### [EXERCISE DETAILS]
Find all lines with the word "proof" in the material, then copy them.

### [EXERCISE INPUT]
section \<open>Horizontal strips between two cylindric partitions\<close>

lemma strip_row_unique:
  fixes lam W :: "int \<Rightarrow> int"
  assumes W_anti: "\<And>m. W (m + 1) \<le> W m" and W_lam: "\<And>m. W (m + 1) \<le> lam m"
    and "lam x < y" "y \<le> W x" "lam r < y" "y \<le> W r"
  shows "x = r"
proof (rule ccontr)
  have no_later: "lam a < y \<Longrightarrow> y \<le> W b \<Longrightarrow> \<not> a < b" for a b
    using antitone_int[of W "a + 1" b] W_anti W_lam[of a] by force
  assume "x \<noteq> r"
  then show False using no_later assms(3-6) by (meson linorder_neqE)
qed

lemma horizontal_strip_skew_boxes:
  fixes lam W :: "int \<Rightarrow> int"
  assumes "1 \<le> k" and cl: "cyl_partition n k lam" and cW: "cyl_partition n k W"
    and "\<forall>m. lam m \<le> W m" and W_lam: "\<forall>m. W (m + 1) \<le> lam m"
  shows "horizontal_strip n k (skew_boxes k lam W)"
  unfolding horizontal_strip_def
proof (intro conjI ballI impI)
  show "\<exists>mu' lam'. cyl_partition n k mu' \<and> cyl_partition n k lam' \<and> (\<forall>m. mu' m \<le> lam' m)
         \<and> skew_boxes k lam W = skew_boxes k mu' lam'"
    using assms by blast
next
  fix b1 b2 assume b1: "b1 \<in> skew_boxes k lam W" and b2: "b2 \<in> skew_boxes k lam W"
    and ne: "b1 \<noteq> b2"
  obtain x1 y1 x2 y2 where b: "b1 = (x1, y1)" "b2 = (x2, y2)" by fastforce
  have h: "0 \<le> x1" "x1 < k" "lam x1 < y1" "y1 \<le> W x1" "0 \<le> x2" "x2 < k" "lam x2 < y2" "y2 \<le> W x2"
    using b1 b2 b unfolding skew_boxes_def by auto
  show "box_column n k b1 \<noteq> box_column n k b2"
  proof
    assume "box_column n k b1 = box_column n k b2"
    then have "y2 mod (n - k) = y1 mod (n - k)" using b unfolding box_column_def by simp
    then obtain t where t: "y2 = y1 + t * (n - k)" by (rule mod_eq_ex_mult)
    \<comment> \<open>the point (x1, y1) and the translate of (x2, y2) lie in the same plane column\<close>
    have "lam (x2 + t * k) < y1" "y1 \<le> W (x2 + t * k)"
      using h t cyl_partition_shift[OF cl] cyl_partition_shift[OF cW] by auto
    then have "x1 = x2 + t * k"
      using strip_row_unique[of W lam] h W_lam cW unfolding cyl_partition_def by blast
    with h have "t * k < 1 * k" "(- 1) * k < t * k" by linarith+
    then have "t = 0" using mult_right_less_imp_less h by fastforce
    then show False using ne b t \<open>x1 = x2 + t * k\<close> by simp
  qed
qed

### [ANSWER SPACE]
proof (rule ccontr)
proof (intro conjI ballI impI)
  proof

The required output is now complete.